TRY IT: Wherever a line of the data contains "ultimately", copy that line.

MATERIAL SUPPLIED:
(* For all positive integers $n,k$ and every $\boldsymbol\rho=(\rho_1,\dots,\rho_k)$ of integers with $1\le\rho_\ell\le n\le k$ for all $\ell\in[k]$ and $\sum_{\ell\in[k]}\rho_\ell=n^2$, there exists a $\boldsymbol\rho$-latin square of order $n$.
   Context: A $\boldsymbol\rho$-latin square of order $n$ is an $n\times n$ array in which every cell contains a symbol of $[k]$, each symbol occurs at most once in each row and at most once in each column, and each symbol $\ell$ occurs exactly $\rho_\ell$ times. *)

theory Defs
  imports Main
begin

definition rho_latin_square :: "nat \<Rightarrow> nat \<Rightarrow> (nat \<Rightarrow> nat) \<Rightarrow> (nat \<Rightarrow> nat \<Rightarrow> nat) \<Rightarrow> bool" where
  "rho_latin_square n k rho L \<longleftrightarrow>
     (\<forall>i<n. \<forall>j<n. L i j \<in> {1..k}) \<and>
     (\<forall>i<n. \<forall>j<n. \<forall>j'<n. L i j = L i j' \<longrightarrow> j = j') \<and>
     (\<forall>j<n. \<forall>i<n. \<forall>i'<n. L i j = L i' j \<longrightarrow> i = i') \<and>
     (\<forall>l\<in>{1..k}. card {(i, j). i < n \<and> j < n \<and> L i j = l} = rho l)"

end

theory Submission
  imports Defs "HOL-Number_Theory.Cong"
begin

text \<open>List the symbols, those with \<open>\<rho>\<^sub>l = n\<close> first, write symbol \<open>l\<close> out \<open>\<rho>\<^sub>l\<close> times,
  and pour the resulting word of length \<open>n\<^sup>2\<close> into the square along the \<open>n\<close> broken diagonals,
  one diagonal after the other. Two cells on one broken diagonal, or on consecutive ones at
  distance at most \<open>n - 2\<close> in the filling order, never share a row or a column. A symbol with
  \<open>\<rho>\<^sub>l = n\<close> fills exactly one diagonal, since all such symbols come first; any other symbol
  occupies at most \<open>n - 1\<close> consecutive positions.\<close>

definition repeat_each :: "('a \<Rightarrow> nat) \<Rightarrow> 'a list \<Rightarrow> 'a list" where
  "repeat_each c xs = concat (map (\<lambda>x. replicate (c x) x) xs)"

lemma repeat_each_Nil [simp]: "repeat_each c [] = []"
  and repeat_each_Cons [simp]: "repeat_each c (x # xs) = replicate (c x) x @ repeat_each c xs"
  by (simp_all add: repeat_each_def)

lemma length_repeat_each: "length (repeat_each c xs) = sum_list (map c xs)"
  by (induction xs) simp_all

lemma set_repeat_each_subset: "set (repeat_each c xs) \<subseteq> set xs"
  by (induction xs) auto

lemma count_list_repeat_each:
  assumes "distinct xs"
  shows "count_list (repeat_each c xs) l = (if l \<in> set xs then c l else 0)"
  using assms by (induction xs) (auto simp: count_list_eq_length_filter filter_replicate)

lemma repeat_each_nth_eq_imp_block:
  assumes "distinct xs" "p < q" "q < length (repeat_each c xs)"
    and "repeat_each c xs ! p = repeat_each c xs ! q"
  shows "\<exists>a b. xs = a @ repeat_each c xs ! p # b \<and>
           sum_list (map c a) \<le> p \<and> q < sum_list (map c a) + c (repeat_each c xs ! p)"
  using assms
proof (induction xs arbitrary: p q)
  case Nil
  then show ?case by simp
next
  case (Cons x xs)
  let ?ys = "repeat_each c xs"
  consider "q < c x" | "p < c x" "c x \<le> q" | "c x \<le> p" by linarith
  then show ?case
  proof cases
    case 1
    then show ?thesis using Cons.prems(2) by (intro exI[of _ "[]"] exI[of _ xs]) (simp add: nth_append)
  next
    case 2
    have "?ys ! (q - c x) \<in> set xs"
      using Cons.prems(3) 2 set_repeat_each_subset by (fastforce intro: nth_mem)
    moreover have "x = ?ys ! (q - c x)" using Cons.prems(4) 2 by (simp add: nth_append)
    ultimately show ?thesis using Cons.prems(1) by simp
  next
    case 3
    have "\<exists>a b. xs = a @ ?ys ! (p - c x) # b \<and> sum_list (map c a) \<le> p - c x \<and>
        q - c x < sum_list (map c a) + c (?ys ! (p - c x))"
      using Cons.prems 3 by (intro Cons.IH) (auto simp: nth_append)
    then obtain a b where "xs = a @ ?ys ! (p - c x) # b" "sum_list (map c a) \<le> p - c x"
        "q - c x < sum_list (map c a) + c (?ys ! (p - c x))"
      by blast
    then show ?thesis using Cons.prems(2) 3
      by (intro exI[of _ "x # a"] exI[of _ b]) (auto simp: nth_append)
  qed
qed

lemma repeat_each_nth_eq_imp_close:
  assumes "distinct (fs @ rs)" "\<forall>x\<in>set fs. c x = n" "\<forall>x\<in>set rs. c x < n"
    and "p < q" "q < length (repeat_each c (fs @ rs))"
    and "repeat_each c (fs @ rs) ! p = repeat_each c (fs @ rs) ! q"
  shows "p div n = q div n \<or> q - p + 2 \<le> n"
proof -
  let ?x = "repeat_each c (fs @ rs) ! p"
  obtain a b where ab: "fs @ rs = a @ ?x # b" and start: "sum_list (map c a) \<le> p"
    and stop: "q < sum_list (map c a) + c ?x"
    using repeat_each_nth_eq_imp_block[OF assms(1,4-6)] by blast
  show ?thesis
  proof (cases "?x \<in> set fs")
    case True
    have "?x \<notin> set rs" using True assms(1) by auto
    from ab have "a @ ?x # b = fs @ rs" by simp
    then obtain us where "a = fs @ us \<and> us @ ?x # b = rs \<or> a @ us = fs \<and> ?x # b = us @ rs"
      unfolding append_eq_append_conv2 by blast
    then have "set a \<subseteq> set fs"
      using \<open>?x \<notin> set rs\<close> by (metis in_set_conv_decomp set_append Un_upper1)
    then have "sum_list (map c a) = length a * n"
      using assms(2) by (induction a) auto
    then have "p div n = length a" "q div n = length a"
      using start stop True assms(2,4) by (auto intro!: div_nat_eqI simp: algebra_simps)
    then show ?thesis by simp
  next
    case False
    then have "?x \<in> set rs"
      using ab by (metis Un_iff in_set_conv_decomp set_append)
    then show ?thesis using assms(3,4) start stop by fastforce
  qed
qed

text \<open>Position \<open>p\<close> of the filling order is the cell in row \<open>p mod n\<close> of the
  broken diagonal \<open>{(i, (i + d) mod n)}\<close> with \<open>d = p div n\<close>; \<open>diag_pos\<close> is the inverse map.\<close>

definition diag_row :: "nat \<Rightarrow> nat \<Rightarrow> nat" where
  "diag_row n p = p mod n"

definition diag_col :: "nat \<Rightarrow> nat \<Rightarrow> nat" where
  "diag_col n p = (p mod n + p div n) mod n"

definition diag_pos :: "nat \<Rightarrow> nat \<Rightarrow> nat \<Rightarrow> nat" where
  "diag_pos n i j = ((j + n - i) mod n) * n + i"

lemma diag_row_less: "0 < n \<Longrightarrow> diag_row n p < n"
  by (simp add: diag_row_def)

lemma diag_col_less: "0 < n \<Longrightarrow> diag_col n p < n"
  by (simp add: diag_col_def)

lemma diag_pos_less:
  assumes "i < n" "j < n"
  shows "diag_pos n i j < n * n"
proof -
  have "(j + n - i) mod n < n" using assms by simp
  then have "((j + n - i) mod n) * n + n \<le> n * n"
    by (metis Suc_leI add.commute mult_Suc mult_le_mono1)
  then show ?thesis using assms(1) unfolding diag_pos_def by linarith
qed

lemma diag_row_pos: "i < n \<Longrightarrow> diag_row n (diag_pos n i j) = i"
  by (simp add: diag_row_def diag_pos_def)

lemma diag_col_pos:
  assumes "i < n" "j < n"
  shows "diag_col n (diag_pos n i j) = j"
proof -
  have "diag_col n (diag_pos n i j) = (i + (j + n - i) mod n) mod n"
    using assms by (simp add: diag_col_def diag_pos_def)
  also have "\<dots> = (j + n) mod n" using assms by (simp add: mod_add_right_eq)
  finally show ?thesis using assms by simp
qed

lemma inj_on_diag_pos: "inj_on (\<lambda>(i, j). diag_pos n i j) ({..<n} \<times> {..<n})"
proof (rule inj_onI, clarsimp)
  fix i j i' j'
  assume "i < n" "j < n" "i' < n" "j' < n" "diag_pos n i j = diag_pos n i' j'"
  then show "i = i' \<and> j = j'" by (metis diag_row_pos diag_col_pos)
qed

lemma diag_pos_row_col:
  assumes "p < n * n"
  shows "diag_pos n (diag_row n p) (diag_col n p) = p"
proof -
  have "n > 0" using assms by (cases n) auto
  have "diag_col n p + n - p mod n + p mod n = diag_col n p + n"
    using mod_less_divisor[OF \<open>n > 0\<close>, of p] by linarith
  moreover have "[diag_col n p + n = p div n + p mod n] (mod n)"
    by (simp add: diag_col_def cong_def add.commute)
  ultimately have "[diag_col n p + n - p mod n + p mod n = p div n + p mod n] (mod n)"
    by simp
  then have "[diag_col n p + n - p mod n = p div n] (mod n)"
    by (simp only: cong_add_rcancel_nat)
  then have "(diag_col n p + n - p mod n) mod n = (p div n) mod n"
    unfolding cong_def .
  also have "\<dots> = p div n" using assms by (simp add: less_mult_imp_div_less)
  finally show ?thesis by (simp add: diag_pos_def diag_row_def)
qed

lemma diag_cells_separated:
  assumes "0 < n" "p < q" "p div n = q div n \<or> q - p + 2 \<le> n"
  shows "diag_row n p \<noteq> diag_row n q \<and> diag_col n p \<noteq> diag_col n q"
proof -
  have p: "p div n * n + p mod n = p" and q: "q div n * n + q mod n = q"
    and "p mod n < n" and "q mod n < n"
    using \<open>0 < n\<close> by simp_all
  have cols: "diag_col n p = diag_col n q \<longleftrightarrow>
      [p mod n + p div n = q mod n + q div n] (mod n)"
    by (simp add: diag_col_def cong_def)
  show ?thesis
  proof (cases "p div n = q div n")
    case True
    then have "p mod n \<noteq> q mod n" using p q assms(2) unfolding True by linarith
    moreover have "[p mod n \<noteq> q mod n] (mod n)"
      using calculation by (simp add: cong_def)
    ultimately show ?thesis
      by (simp add: diag_row_def cols True cong_add_rcancel_nat del: cong_mod_left cong_mod_right)
  next
    case False
    then have gap: "q - p + 2 \<le> n" using assms(3) by simp
    have "p div n < q div n" using False assms(2) by (simp add: div_le_mono le_neq_implies_less)
    then have "(p div n + 1) * n \<le> q div n * n" by (intro mult_le_mono1) simp
    then have "(p div n + 1) * n \<le> q" using q by linarith
    moreover have "q < (p div n + 2) * n"
      using gap p \<open>p mod n < n\<close> unfolding distrib_right by linarith
    ultimately have qdiv: "q div n = p div n + 1"
      by (intro div_nat_eqI) (simp_all add: algebra_simps)
    have rows: "q mod n + 2 \<le> p mod n"
      using gap p q assms(2) unfolding qdiv distrib_right by linarith
    then have "[p mod n \<noteq> q mod n + 1] (mod n)"
      using \<open>p mod n < n\<close> by (simp add: cong_def)
    then have "[p mod n + p div n \<noteq> (q mod n + 1) + p div n] (mod n)"
      unfolding cong_add_rcancel_nat .
    then have "[p mod n + p div n \<noteq> q mod n + q div n] (mod n)"
      unfolding qdiv by (simp only: ac_simps not_False_eq_True)
    then show ?thesis using rows by (simp add: diag_row_def cols)
  qed
qed

lemma rho_latin_square_diag_filling:
  assumes "0 < n" "length ys = n * n" "set ys \<subseteq> {1..k}"
    and close: "\<And>p q. p < q \<Longrightarrow> q < n * n \<Longrightarrow> ys ! p = ys ! q \<Longrightarrow>
                  p div n = q div n \<or> q - p + 2 \<le> n"
    and count: "\<And>l. l \<in> {1..k} \<Longrightarrow> count_list ys l = rho l"
  shows "rho_latin_square n k rho (\<lambda>i j. ys ! diag_pos n i j)"
proof -
  let ?L = "\<lambda>i j. ys ! diag_pos n i j"
  have separated: "diag_row n p \<noteq> diag_row n q \<and> diag_col n p \<noteq> diag_col n q"
    if "p \<noteq> q" "p < n * n" "q < n * n" "ys ! p = ys ! q" for p q
    using that diag_cells_separated[OF \<open>0 < n\<close>] close by (metis linorder_neq_iff)
  have entries: "?L i j \<in> {1..k}" if "i < n" "j < n" for i j
  proof -
    have "diag_pos n i j < length ys" using that assms(2) diag_pos_less by simp
    then show ?thesis by (rule subsetD[OF assms(3) nth_mem])
  qed
  have rows: "j = j'" if "i < n" "j < n" "j' < n" "?L i j = ?L i j'" for i j j'
    using that separated[of "diag_pos n i j" "diag_pos n i j'"]
    by (metis diag_pos_less diag_row_pos diag_col_pos)
  have cols: "i = i'" if "j < n" "i < n" "i' < n" "?L i j = ?L i' j" for i i' j
    using that separated[of "diag_pos n i j" "diag_pos n i' j"]
    by (metis diag_pos_less diag_row_pos diag_col_pos)
  have bij: "bij_betw (\<lambda>(i, j). diag_pos n i j) {(i, j). i < n \<and> j < n \<and> ?L i j = l}
          {p. p < length ys \<and> ys ! p = l}" for l
  proof (rule bij_betw_imageI)
    show "inj_on (\<lambda>(i, j). diag_pos n i j) {(i, j). i < n \<and> j < n \<and> ?L i j = l}"
      by (rule inj_on_subset[OF inj_on_diag_pos]) auto
    have "p \<in> (\<lambda>(i, j). diag_pos n i j) ` {(i, j). i < n \<and> j < n \<and> ?L i j = l}"
      if "p < n * n" "ys ! p = l" for p
    proof (rule image_eqI)
      show "p = (\<lambda>(i, j). diag_pos n i j) (diag_row n p, diag_col n p)"
        using diag_pos_row_col[OF that(1)] by simp
      show "(diag_row n p, diag_col n p) \<in> {(i, j). i < n \<and> j < n \<and> ?L i j = l}"
        using that \<open>0 < n\<close> by (simp add: diag_row_less diag_col_less diag_pos_row_col)
    qed
    moreover have "diag_pos n i j < length ys" if "i < n" "j < n" for i j
      using that assms(2) diag_pos_less by simp
    ultimately show "(\<lambda>(i, j). diag_pos n i j) ` {(i, j). i < n \<and> j < n \<and> ?L i j = l} =
        {p. p < length ys \<and> ys ! p = l}"
      using assms(2) by fastforce
  qed
  have counts: "card {(i, j). i < n \<and> j < n \<and> ?L i j = l} = rho l" if "l \<in> {1..k}" for l
  proof -
    have "card {(i, j). i < n \<and> j < n \<and> ?L i j = l} = card {p. p < length ys \<and> ys ! p = l}"
      by (rule bij_betw_same_card[OF bij])
    also have "\<dots> = count_list ys l"
      by (simp add: count_list_eq_length_filter length_filter_conv_card eq_commute)
    finally show ?thesis using count[OF that] by simp
  qed
  show ?thesis
    unfolding rho_latin_square_def using entries rows cols counts by blast
qed

lemma rho_latin_square_exists:
  fixes c :: "nat \<Rightarrow> nat"
  assumes "0 < n" "\<forall>l\<in>{1..k}. c l \<le> n" "(\<Sum>l\<in>{1..k}. c l) = n * n"
  shows "\<exists>L. rho_latin_square n k c L"
proof -
  define fs where "fs = filter (\<lambda>l. c l = n) [1..<Suc k]"
  define rs where "rs = filter (\<lambda>l. c l \<noteq> n) [1..<Suc k]"
  define ys where "ys = repeat_each c (fs @ rs)"
  have distinct: "distinct (fs @ rs)" and symbols: "set (fs @ rs) = {1..k}"
    by (auto simp: fs_def rs_def)
  have full: "\<forall>x\<in>set fs. c x = n" by (simp add: fs_def)
  have partial: "\<forall>x\<in>set rs. c x < n" using assms(2) by (auto simp: rs_def nat_less_le)
  have length: "length ys = n * n"
    unfolding ys_def length_repeat_each sum_list_distinct_conv_sum_set[OF distinct] symbols
    by (rule assms(3))
  have close: "p div n = q div n \<or> q - p + 2 \<le> n"
    if "p < q" "q < n * n" "ys ! p = ys ! q" for p q
    using that length unfolding ys_def
    by (intro repeat_each_nth_eq_imp_close[OF distinct full partial]) simp_all
  have "set ys \<subseteq> {1..k}" using set_repeat_each_subset symbols unfolding ys_def by metis
  moreover have "count_list ys l = c l" if "l \<in> {1..k}" for l
    using that distinct symbols by (simp add: ys_def count_list_repeat_each)
  ultimately show ?thesis
    using rho_latin_square_diag_filling[OF \<open>0 < n\<close> length _ close] by blast
qed

theorem theorem2p2:
  fixes n k :: nat and rho :: "nat \<Rightarrow> int"
  assumes "n > 0" and "k > 0"
    and "\<forall>l\<in>{1..k}. 1 \<le> rho l \<and> rho l \<le> int n"
    and "n \<le> k"
    and "(\<Sum>l\<in>{1..k}. rho l) = int n ^ 2"
  shows "\<exists>L. rho_latin_square n k (\<lambda>l. nat (rho l)) L"
proof (rule rho_latin_square_exists)
  show "\<forall>l\<in>{1..k}. nat (rho l) \<le> n" using assms(3) by (simp add: nat_le_iff)
  have "int (\<Sum>l\<in>{1..k}. nat (rho l)) = (\<Sum>l\<in>{1..k}. int (nat (rho l)))"
    by simp
  also have "\<dots> = (\<Sum>l\<in>{1..k}. rho l)"
    using assms(3) by (intro sum.cong) fastforce+
  also have "\<dots> = int (n * n)" using assms(5) by (simp add: power2_eq_square)
  finally show "(\<Sum>l\<in>{1..k}. nat (rho l)) = n * n" by (simp only: of_nat_eq_iff)
qed (use assms(1) in simp)

end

TASK OUTPUT:
    ultimately show ?thesis using Cons.prems(1) by simp
  ultimately have "[diag_col n p + n - p mod n + p mod n = p div n + p mod n] (mod n)"
    ultimately show ?thesis
    ultimately have qdiv: "q div n = p div n + 1"
    ultimately show "(\<lambda>(i, j). diag_pos n i j) ` {(i, j). i < n \<and> j < n \<and> ?L i j = l} =
  ultimately show ?thesis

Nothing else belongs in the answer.